InternLM-XComposer-2.5: A Versatile Large Vision LLM Supporting Long-Contextual Input and Output

The presented paper discusses InternLM-XComposer-2.5 (IXC-2.5), a significant advancement in Large Vision LLMs (LVLMs) that emphasizes long-contextual input and output capabilities, enabling a multitude of sophisticated applications across text-image comprehension and composition. This model represents a substantial progress over its predecessor, IXC-2.0, primarily due to its enhanced architecture and expanded capabilities.

Key Model Enhancements

IXC-2.5 incorporates three primary enhancements aimed at advancing vision-language comprehension:

Ultra-High Resolution Understanding: Utilizing a 560 × 560 Vision Transformer (ViT) encoder, IXC-2.5 enables the processing of high-resolution images with various aspect ratios.
Fine-Grained Video Understanding: Videos are treated as high-resolution composite images comprising numerous frames, capturing fine details via dense sampling of each frame.
Multi-Turn Multi-Image Dialogue: The model supports extended, complex interactions involving multiple images over many turns, improving the fluidity of human-like conversations.

Furthermore, IXC-2.5 extends its capabilities to two critical text-image composition applications:

Crafting Webpages: Leveraging additional LoRA parameters, IXC-2.5 can generate source codes for webpages from text-image instructions.
Composing High-Quality Text-Image Articles: Implementing Chain-of-Thought (CoT) and Direct Preference Optimization (DPO) techniques, IXC-2.5 produces high-quality written content with corresponding images.

Training and Model Architecture

The IXC-2.5 model emphasizes long-contextual interaction, trained with 24,000 interleaved image-text contexts and capable of extending to 96,000 contexts via RoPE extrapolation. The architecture includes a Vision Encoder OpenAI ViT-L/14, a LLM InternLM2-7B, and Partial LoRA for alignment with vision encoders.

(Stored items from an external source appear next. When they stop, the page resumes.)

(* Let $\tau$ be a complex number with $\operatorname{Im}\tau>0$ and $q=e^{2\pi i\tau}$. Then $$\sum_{\substack{m=1\\ m\equiv1 \pmod 2}}^{\infty}\frac{q^{m}+q^{3m}}{1-q^{8m}}-\sum_{\substack{m=1\\ m\equiv1 \pmod 2}}^{\infty}\frac{q^{5m}+q^{7m}}{1-q^{8m}}=\frac{\eta^4(16\tau)}{\eta^2(8\tau)}\cdot\frac{\varphi(q^2)}{q\,\psi(q^8)}.$$
   Context: Notation: $(a;q)_\infty=\prod_{j\ge0}(1-aq^j)$; for real $a$, $q^a=e^{2\pi i a\tau}$. The Dedekind eta function is $\eta(\tau)=q^{1/24}(q;q)_\infty$, so $\eta(k\tau)=q^{k/24}(q^k;q^k)_\infty$. Ramanujan's theta functions: $\varphi(q)=\sum_{j=-\infty}^{\infty}q^{j^2}$ and $\psi(q)=\sum_{j=0}^{\infty}q^{j(j+1)/2}$. *)

theory Defs
  imports "HOL-Analysis.Analysis"
begin

definition nome :: "complex \<Rightarrow> complex" where
  "nome \<tau> = exp (2 * pi * \<i> * \<tau>)"

definition qpoch_inf :: "complex \<Rightarrow> complex \<Rightarrow> complex" where
  "qpoch_inf a q = (\<Prod>j. (1 - a * q ^ j))"

definition dedekind_eta :: "complex \<Rightarrow> complex" where
  "dedekind_eta \<tau> = exp (2 * pi * \<i> * \<tau> / 24) * qpoch_inf (nome \<tau>) (nome \<tau>)"

definition ram_phi :: "complex \<Rightarrow> complex" where
  "ram_phi q = (\<Sum>\<^sub>\<infinity>j::int. q ^ nat (j\<^sup>2))"

definition ram_psi :: "complex \<Rightarrow> complex" where
  "ram_psi q = (\<Sum>j::nat. q ^ (j * (j + 1) div 2))"

end

(*
  With t = q^(2k+1) the k-th term of the difference is (t + t^3)/(1 + t^4), so the left-hand side
  is q times Kronecker's bilateral series  sum over m in Z of x^m/(1 - y p^m)  at p = q^8, x = q^2,
  y = -q^4.  Kronecker's identity evaluates this series as
      (p;p)^2 (xy;p) (p/(xy);p) / ((x;p) (p/x;p) (y;p) (p/y;p)),
  while the right-hand side becomes a q-product through the definition of eta and the product forms
  of phi and psi given by the Jacobi triple product.  The two products agree after splitting them
  into residue classes of the exponents, the decisive cancellation being Euler's identity
  (q;q^2) (-q;q) = 1.

  Kronecker's identity and the triple product are both obtained as limits of finite identities: a
  partial fraction expansion in y with the 2n+1 nodes p^(k-n), and the q-binomial theorem for
  the product of 1 + w p^(i-n) over i < 2n.  In both, the coefficients converge termwise and are
  uniformly bounded, so Tannery's theorem lets n tend to infinity.
*)
theory Submission
  imports Defs
begin

context comm_monoid_set
begin

lemma lessThan_add_split:
  fixes m n :: nat
  shows "F g {..<m + n} = F g {..<m} \<^bold>* F (\<lambda>i. g (m + i)) {..<n}"
  by (induction n) (simp_all add: assoc)

lemma atMost_double_split:
  fixes n :: nat
  shows "F g {..2 * n} = F (\<lambda>m. g (n + m)) {..n} \<^bold>* F (\<lambda>m. g (n - Suc m)) {..<n}"
proof -
  have "{..2 * n} = {..<n + Suc n}" by auto
  hence "F g {..2 * n} = F g {..<n} \<^bold>* F (\<lambda>m. g (n + m)) {..<Suc n}"
    by (simp only: lessThan_add_split)
  thus ?thesis by (simp only: nat_diff_reindex lessThan_Suc_atMost commute)
qed

lemma atMost_remove_split:
  fixes i N :: nat
  assumes "i \<le> N"
  shows "F g ({..N} - {i}) = F g {..<i} \<^bold>* F (\<lambda>t. g (Suc (i + t))) {..<N - i}"
proof -
  have "{..N} - {i} = {..<i} \<union> {Suc i..N}" using assms by auto
  moreover have "F g ({..<i} \<union> {Suc i..N}) = F g {..<i} \<^bold>* F g {Suc i..N}"
    by (rule union_disjoint) auto
  moreover have "F g {Suc i..N} = F (\<lambda>t. g (Suc (i + t))) {..<N - i}"
    by (rule reindex_bij_witness[where i = "\<lambda>t. Suc (i + t)" and j = "\<lambda>k. k - Suc i"]) auto
  ultimately show ?thesis by simp
qed

end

The pre-training phase focuses on three tasks using a diverse dataset: General Semantic Alignment, World Knowledge Alignment, and Vision Capability Enhancement. This preparatory phase ensures the model's adeptness in processing various vision-language inputs.

Benchmark Performance

IXC-2.5 demonstrates state-of-the-art performance across a wide range of benchmarks:

Video Understanding: Outperformed existing models on four out of five benchmarks, including MVBench and MME-Video, delineating its proficiency in fine-grained video tasks.
Structural High-Resolution Benchmarks: Achieved notable results on DocVQA, ChartQA, TextVQA, demonstrating its capacity to handle complex visual information.
General Visual QA Benchmarks: Excelled in MMStar, RealWorldQA, and others, showcasing its versatility.
Multi-Image Multi-Turn Dialogue: Surpassed prior models in MMDU, highlighting advanced conversational abilities.

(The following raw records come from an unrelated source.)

lemma distr_subsample:
  assumes a: "a \<subseteq> {1..n}" "a \<noteq> {}"
  shows "distr M (PiM {..<card a} (\<lambda>_. N)) (subsample Z a) = PiM {..<card a} (\<lambda>_. Z_law)"
proof -
  have fin: "finite a"
    using a(1) by (rule finite_subset) simp
  have law: "prob_space Z_law" "sets Z_law = sets N"
    unfolding Z_law_def using a by (auto intro!: prob_space_distr Z_meas)
  have "distr M (PiM a (\<lambda>_. N)) (\<lambda>\<omega>. \<lambda>i\<in>a. Z i \<omega>) = PiM a (\<lambda>i. distr M N (Z i))"
    using a Z_meas indep_vars_subset[OF Z_indep a(1)]
    by (subst indep_vars_iff_distr_eq_PiM'[symmetric]) auto
  also have "\<dots> = PiM a (\<lambda>_. Z_law)"
    unfolding Z_law_def by (intro PiM_cong refl) (use a Z_ident in blast)
  finally have restr: "distr M (PiM a (\<lambda>_. N)) (\<lambda>\<omega>. \<lambda>i\<in>a. Z i \<omega>) = PiM a (\<lambda>_. Z_law)" .
  have "distr M (PiM {..<card a} (\<lambda>_. N)) (subsample Z a)
      = distr M (PiM {..<card a} (\<lambda>_. N)) (sorted_reindex a \<circ> (\<lambda>\<omega>. \<lambda>i\<in>a. Z i \<omega>))"
    using a by (intro distr_cong) (auto simp: subsample_eq_sorted_reindex_restrict)
  also have "\<dots> = distr (PiM a (\<lambda>_. Z_law)) (PiM {..<card a} (\<lambda>_. N)) (sorted_reindex a)"
    unfolding restr[symmetric] using a fin
    by (intro distr_distr[symmetric] measurable_sorted_reindex measurable_restrict Z_meas) auto
  also have "\<dots> = distr (PiM a (\<lambda>_. Z_law)) (PiM {..<card a} (\<lambda>_. Z_law)) (sorted_reindex a)"
    using law by (intro distr_cong sets_PiM_cong) auto
  also have "\<dots> = PiM {..<card a} (\<lambda>_. Z_law)"
    using fin law(1) by (rule distr_sorted_reindex)
  finally show ?thesis .
qed

lemma prob_subsample_in:
  assumes a: "a \<subseteq> {1..n}" "a \<noteq> {}" and F: "F \<in> sets (PiM {..<card a} (\<lambda>_. N))"
  shows "prob {\<omega> \<in> space M. subsample Z a \<omega> \<in> F} = measure (PiM {..<card a} (\<lambda>_. Z_law)) F"
proof -
  have "prob {\<omega> \<in> space M. subsample Z a \<omega> \<in> F}
      = measure (distr M (PiM {..<card a} (\<lambda>_. N)) (subsample Z a)) F"
    using measurable_subsample[OF a(1)] F by (subst measure_distr) (auto intro!: arg_cong[where f=prob])
  then show ?thesis
    using distr_subsample[OF a] by simp
qed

Webpage Generation and Article Composition

In terms of webpage generation, IXC-2.5 extends its capabilities to:

Screenshot-to-code: Achieved high scores on the Design2Code benchmark, demonstrating near GPT-4v level performance in translating visual designs into code.
Instruction-Aware Webpage Generation: Trained on synthetic and real-world datasets to convert textual instructions into webpage designs, including interactive elements like JavaScript.
Resume-to-homepage: Created personal homepages from resumes, showcasing practical applicability.

For article composition, the model utilizes a multi-step pipeline including supervision, reward modeling, preference data collection, and DPO alignment, resulting in stable and high-quality text-image articles.

Implications and Future Directions

The enhancements and comprehensive capabilities of IXC-2.5 make it a robust tool for a variety of practical applications, from webpage design to intricate visual QA tasks. The model’s ability to handle long-contextual interactions positions it as a pivotal advancement for future AI developments. Future research can extend IXC-2.5’s long-context capabilities to more complex and extended multi-modal environments, such as continuous video streams or prolonged dialogue histories, thus broadening its applicability in real-world scenarios.